President Barack Obama hit Republicans last week for suggesting the U.S. should favor Christian refugees over Muslims:

…[W]hen I hear political leaders suggesting that there would be a religious test for which a person who’s fleeing from a war-torn country is admitted, when some of those folks themselves come from families who benefitted from protection when they were fleeing political persecution — that’s shameful. That’s not American. That’s not who we are. We don’t have religious tests to our compassion.

But there are very good reasons to apply a religious test to Syrian refugees. The first is that some religious groups–Yazidis and Christian Arabs in particular–have been singled out for slaughter, slavery, and expulsion. Unlike Sunni and Shia Muslims, who theoretically have support from neighboring states, the Yazidis and Christians have no one to save them and nowhere to go.

As others have pointed out, U.S. law already asks applicants to prove they are victims of religious persecution. The appropriate solution for other people fleeing war-torn countries is to provide temporary shelter and humanitarian relief until the war is over.

The left has resorted to comparing the Syrian refugees to Jewish refugees fleeing Europe before the Holocaust. (I have debunked that analogy elsewhere.) But saving the Jews of Europe would have required applying a religious test. Jews alone were singled out for extermination. If the U.S. had agreed simply to accept a general group of refugees from Europe, including but not prioritizing Jews, that would have meant saving fewer Jews, by definition. (In fact, after the war, the U.S. prioritized Jewish refugees.)

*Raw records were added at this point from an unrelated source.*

(* Let $\Bbbk$ be a field, $R=\Bbbk[x_1,\dots,x_m]$ with the standard $\mathbb Z^m$-grading, $L$ a Noetherian multigraded $R$-module with minimal multihomogeneous free presentation $E\xrightarrow{\Phi}G\to L\to 0$, and $S$ a multihomogeneous basis of $E$. Let $\alpha$ be a generic element of $\Lambda(L)$ and let $\omega$ be a total ordering of $I_\alpha$. Then for all $i$, \[ \dim_\Bbbk H_i(V(\alpha,\phi,\omega)_\bullet)=\begin{cases}\beta(\mathbf M_\alpha) & \text{if } i=|I_\alpha|-r(\mathbf M_\alpha),\\ 0&\text{otherwise.}\end{cases} \]
   Context: For nonempty $A\subseteq S$ let $\deg A\in\mathbb Z^m$ be the componentwise maximum of the multidegrees of the elements of $A$; $\Lambda(L)=\{\deg A:\emptyset\ne A\subseteq S\}$. An element $\alpha\in\Lambda(L)$ is generic if $\{A\subseteq S:\deg A=\alpha\}$ is a closed interval $\{A: I_\alpha\subseteq A\subseteq I^\alpha\}$ of the Boolean lattice of subsets of $S$; set $I(\alpha)=I^\alpha\setminus I_\alpha$. Regard $\Bbbk$ as an $R$-module via $x_i\mapsto 1$, let $W=G\otimes_R\Bbbk$, let $U_S$ be the $\Bbbk$-space with basis $\{e_a:a\in S\}$ identified with $E\otimes_R\Bbbk$ via $e_a=a\otimes1$, and $\phi=\Phi\otimes_R\Bbbk\colon U_S\to W$. For $B\subseteq S$ put $V_B=\phi(\operatorname{span}\{e_a:a\in B\})$. The matroid $\mathbf M_\alpha$ on $I_\alpha$ is the one represented by the composite $\operatorname{span}\{e_a:a\in I_\alpha\}\xrightarrow{\phi}W\to W/V_{I(\alpha)}$ (equivalently, the contraction of the restriction of $\mathbf M(\phi)$ to $I^\alpha$ by $I(\alpha)$); its rank is $r(\mathbf M_\alpha)=\dim V_{I^\alpha}-\dim V_{I(\alpha)}$ and its rank function is $r_\alpha(J)=\dim V_{I(\alpha)\cup J}-\dim V_{I(\alpha)}$. Its $\beta$-invariant is $\beta(\mathbf M_\alpha)=(-1)^{r_\alpha(I_\alpha)}\sum_{J\subseteq I_\alpha}(-1)^{|J|}r_\alpha(J)$. Subsets of $I_\alpha$ are identified with increasing sequences with respect to $\omega$. The complex $V(\alpha,\phi,\omega)_\bullet$ has $V(\alpha,\phi,\omega)_i=\bigoplus_{A\subseteq I_\alpha,\ |A|=i}V_{I^\alpha\setminus A}$ for $0\le i\le|I_\alpha|$, and its differential has, for $A\subseteq I_\alpha$ and $c\in I_\alpha\setminus A$, component $V_{I^\alpha\setminus(A\cup\{c\})}\to V_{I^\alpha\setminus A}$ equal to the inclusion times the sign of the permutation sorting $(c,I_\alpha\setminus(A\cup\{c\}))$ into increasing order (other components zero). *)

theory Defs
  imports Complex_Main "HOL-Library.Function_Algebras"
begin

text \<open>Multidegrees in Z^m are functions nat => int vanishing outside {0..<m}.
  The degree of a nonempty finite set A of basis elements is the
  componentwise maximum of the multidegrees of its elements.\<close>

definition mdeg_set :: "('s \<Rightarrow> nat \<Rightarrow> int) \<Rightarrow> 's set \<Rightarrow> nat \<Rightarrow> int" where
  "mdeg_set d A = (\<lambda>i. Max ((\<lambda>a. d a i) ` A))"

definition Lambda :: "'s set \<Rightarrow> ('s \<Rightarrow> nat \<Rightarrow> int) \<Rightarrow> (nat \<Rightarrow> int) set" where
  "Lambda S d = mdeg_set d ` {A. A \<subseteq> S \<and> A \<noteq> {}}"

definition fibre :: "'s set \<Rightarrow> ('s \<Rightarrow> nat \<Rightarrow> int) \<Rightarrow> (nat \<Rightarrow> int) \<Rightarrow> 's set set" where
  "fibre S d \<alpha> = {A. A \<subseteq> S \<and> A \<noteq> {} \<and> mdeg_set d A = \<alpha>}"

text \<open>alpha is generic with interval endpoints Il (= I_alpha) and Iu (= I^alpha).\<close>
definition generic_with :: "'s set \<Rightarrow> ('s \<Rightarrow> nat \<Rightarrow> int) \<Rightarrow> (nat \<Rightarrow> int) \<Rightarrow> 's set \<Rightarrow> 's set \<Rightarrow> bool" where
  "generic_with S d \<alpha> Il Iu \<longleftrightarrow> \<alpha> \<in> Lambda S d \<and> fibre S d \<alpha> = {A. Il \<subseteq> A \<and> A \<subseteq> Iu}"
lemma abelian_gen_grp:
  assumes "\<forall>s\<in>S. invertible s" "\<forall>s\<in>S. \<forall>t\<in>S. s ** t = t ** s"
  shows "abelian_set (gen_grp S)"
  unfolding abelian_set_def
proof (intro ballI)
  fix g h assume "g \<in> gen_grp S" "h \<in> gen_grp S"
  have "\<forall>s\<in>S. s ** h = h ** s"
  proof
    fix s assume "s \<in> S"
    have "\<forall>t\<in>S. t ** s = s ** t" using assms(2) \<open>s \<in> S\<close> by blast
    then have "h ** s = s ** h"
      using gen_grp_commute[OF assms(1) _ \<open>h \<in> gen_grp S\<close>] by simp
    then show "s ** h = h ** s" by simp
  qed
  then show "g ** h = h ** g" using gen_grp_commute[OF assms(1) _ \<open>g \<in> gen_grp S\<close>] by simp
qed

lemma commute_of_commute_left_factor:
  fixes K A B :: "'a::semiring_1^'n^'n"
  assumes "invertible K" "K ** B = B ** K" "(K ** A) ** B = B ** (K ** A)"
  shows "A ** B = B ** A"
proof -
  have "K ** (A ** B) = B ** (K ** A)"
    using assms(3) by (simp add: matrix_mul_assoc)
  also have "\<dots> = K ** (B ** A)"
    using assms(2) by (simp add: matrix_mul_assoc)
  finally show ?thesis using matrix_left_cancel[OF assms(1)] by blast
qed

lemma rep_M_relations:
  assumes "rep_M n A B X Y"
  shows "invertible A" "invertible B" "invertible X" "invertible Y"
    and "det A = 1" "det Y = 1"
    and "A ** A = mzpow B (2*n+1)"
    and "matrix_inv X ** Y ** X = matrix_inv Y"
    and "mzpow B (-n) ** A = matrix_inv Y"
    and "A ** A = matrix_inv Y ** (X ** X)"
  using assms unfolding rep_M_def SL2_def mzpow_2 by (auto simp: invertible_det_nz)

lemma rep_M_commute_of_scalar_fiber:
  assumes "rep_M n A B X Y" "A ** A = mat c"
  shows "A ** B = B ** A"
proof -
  note rel = rep_M_relations[OF assms(1)]
  have "c * c = 1"
    using rel(5) assms(2) det_mul[of A A] by (simp add: det_2 mat_def)
  then have "c \<noteq> 0" by auto
  have "X ** X = (Y ** matrix_inv Y) ** (X ** X)"
    using matrix_inv_right[OF rel(4)] by simp
  also have "\<dots> = Y ** mat c"
    using rel(10) assms(2) by (simp add: matrix_mul_assoc)
  finally have "X ** Y = Y ** X"
    using commute_of_square_eq_scalar_mult \<open>c \<noteq> 0\<close> by blast
  then obtain d where "Y = mat d"
    using scalar_of_klein_bottle_relation[OF rel(3) rel(6) rel(8)] by blast
  then have "Y ** B = B ** Y" by (simp add: mat_commute)
  then have "matrix_inv Y ** B = B ** matrix_inv Y" by (rule matrix_inv_commute[OF rel(4)])
  then have "(mzpow B (-n) ** A) ** B = B ** (mzpow B (-n) ** A)" by (simp only: rel(9))
  then show ?thesis
    by (rule commute_of_commute_left_factor[OF invertible_mzpow[OF rel(2)] mzpow_commute[OF rel(2) refl]])
qed

lemma rep_M_commute_of_nonscalar_fiber:
  assumes "rep_M n A B X Y" "\<nexists>c. A ** A = mat c"
  shows "A ** B = B ** A"
proof (rule commute_of_commute_nonscalar_2x2[OF assms(2)])
  show "A ** (A ** A) = (A ** A) ** A" by (simp add: matrix_mul_assoc)
  show "B ** (A ** A) = (A ** A) ** B"
    unfolding rep_M_relations(7)[OF assms(1)]
    using mzpow_commute[OF rep_M_relations(2)[OF assms(1)] refl] by simp
qed

theorem proposition3p4:
  fixes n :: int and A B X Y :: cmat2
  assumes "n \<noteq> 0" and "n \<noteq> -1"
    and "rep_M n A B X Y"
    and "irreducible_set (gen_grp {A, B, X, Y})"
  shows "abelian_set (gen_grp {A, B})"
proof -
  have "A ** B = B ** A"
    using rep_M_commute_of_scalar_fiber[OF assms(3)] rep_M_commute_of_nonscalar_fiber[OF assms(3)]
    by blast
  then show ?thesis
    using rep_M_relations(1,2)[OF assms(3)] by (intro abelian_gen_grp) auto
qed

end
lemma not_property_HB_c0_kernel:
  assumes a: "a \<in> l1" "l1norm a = 1" and m: "1/2 < \<bar>a k\<bar>" "\<bar>a k\<bar> < 1"
  shows "\<not> property_HB_c0 (c0_kernel a)"
proof
  assume "property_HB_c0 (c0_kernel a)"
  then obtain P where proj: "proj_onto_annih (c0_kernel a) P" and su: "SU_cond (c0_kernel a) P"
    and norm_one: "l1_opnorm P = 1"
    unfolding property_HB_c0_def by blast
  have ak: "a k \<noteq> 0" using m by auto
  define g where "g = (\<lambda>n. unit_vec k n + (- sgn (a k)) * a n)"
  define h where "h = (\<lambda>n. (sgn (a k) - 1 / a k) * a n)"
  have "g \<in> compl_range P"
    unfolding compl_range_def g_def
    by (rule image_eqI[OF _ unit_vec_l1[of k]]) (simp add: norm_one_proj_unit_vec[OF proj norm_one a ak])
  moreover have "h \<in> annih (c0_kernel a)" using annih_c0_kernel[OF a(1) ak] by (simp add: h_def)
  moreover have "h k = \<bar>a k\<bar> - 1" using ak by (simp add: h_def left_diff_distrib abs_sgn)
  then have "h \<noteq> (\<lambda>_. 0)" using m by force
  ultimately have "l1norm g < l1norm (\<lambda>n. g n + h n)"
    using su unfolding SU_cond_def by blast
  moreover have "sgn (a k) * a k = \<bar>a k\<bar>" "\<bar>sgn (a k)\<bar> = 1"
    using ak by (simp_all add: abs_sgn mult.commute)
  then have "l1norm g = 2 * (1 - \<bar>a k\<bar>)"
    unfolding g_def l1norm_unit_vec_add_scale[OF a(1)] using a(2) m by simp
  moreover have "l1norm (\<lambda>n. g n + h n) = (1 - \<bar>a k\<bar>) / \<bar>a k\<bar>"
  proof -
    have "(\<lambda>n. g n + h n) = (\<lambda>n. unit_vec k n + (- 1 / a k) * a n)"
      by (auto simp: g_def h_def algebra_simps)
    then show ?thesis
      using l1norm_unit_vec_add_scale[OF a(1), of k "- 1 / a k"] ak a(2) by (simp add: abs_divide)
  qed
  ultimately have "(2 * \<bar>a k\<bar>) * (1 - \<bar>a k\<bar>) < 1 * (1 - \<bar>a k\<bar>)"
    using m by (simp add: field_simps)
  then have "2 * \<bar>a k\<bar> < 1" using mult_less_cancel_right_pos[of "1 - \<bar>a k\<bar>"] m by simp
  with m show False by simp
qed

theorem theorem3p16:
  fixes a :: "nat \<Rightarrow> real"
  assumes "a \<in> l1"
    and "l1norm a = 1"
    and "1/2 < (SUP n. \<bar>a n\<bar>)"
    and "(SUP n. \<bar>a n\<bar>) < 1"
  shows "property_SU_c0 {x \<in> c0. pairing a x = 0} \<and>
         \<not> property_HB_c0 {x \<in> c0. pairing a x = 0}"
proof -
  have bdd: "bdd_above (range (\<lambda>n. \<bar>a n\<bar>))" by (rule bdd_above_abs_l1[OF assms(1)])
  obtain k where "1/2 < \<bar>a k\<bar>" using less_cSUP_iff[OF _ bdd] assms(3) by blast
  moreover have "\<bar>a k\<bar> < 1" using cSUP_upper[OF _ bdd, of k] assms(4) by simp
  ultimately show ?thesis
    using property_SU_c0_kernel[OF assms(1), of k] not_property_HB_c0_kernel[OF assms(1,2)] assms(2)
    by simp
qed

end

Obama chose the term “religious test” because it comes from the Constitution, which prohibits a religious test for public office. But the Constitution does not prohibit a religious test for refugees–and, indeed, without it our policy would be less compassionate.

In the present crisis, we can and should prioritize Christian and Yazidi refugees, as well as Iraqis of all faiths who helped the U.S. during the war, whom the Obama administration shamefully abandoned. We could also admit Muslim refugees who can show that they qualify for that status due to religious persecution, and perhaps for other compelling reasons.

But simply to commit to taking in tens of thousands of people–more, once their families become eligible to immigrate–is a dubious policy, especially when the international community has done next to nothing to stop the war that remains the root cause of the ongoing Syrian exodus. The fact that terrorist organizations have clearly learned to take advantage of the refugee exodus is another reason to reconsider.

A religious test for refugees is not bigotry–and saying so merely poisons public debate, as President Obama, sadly, does so often.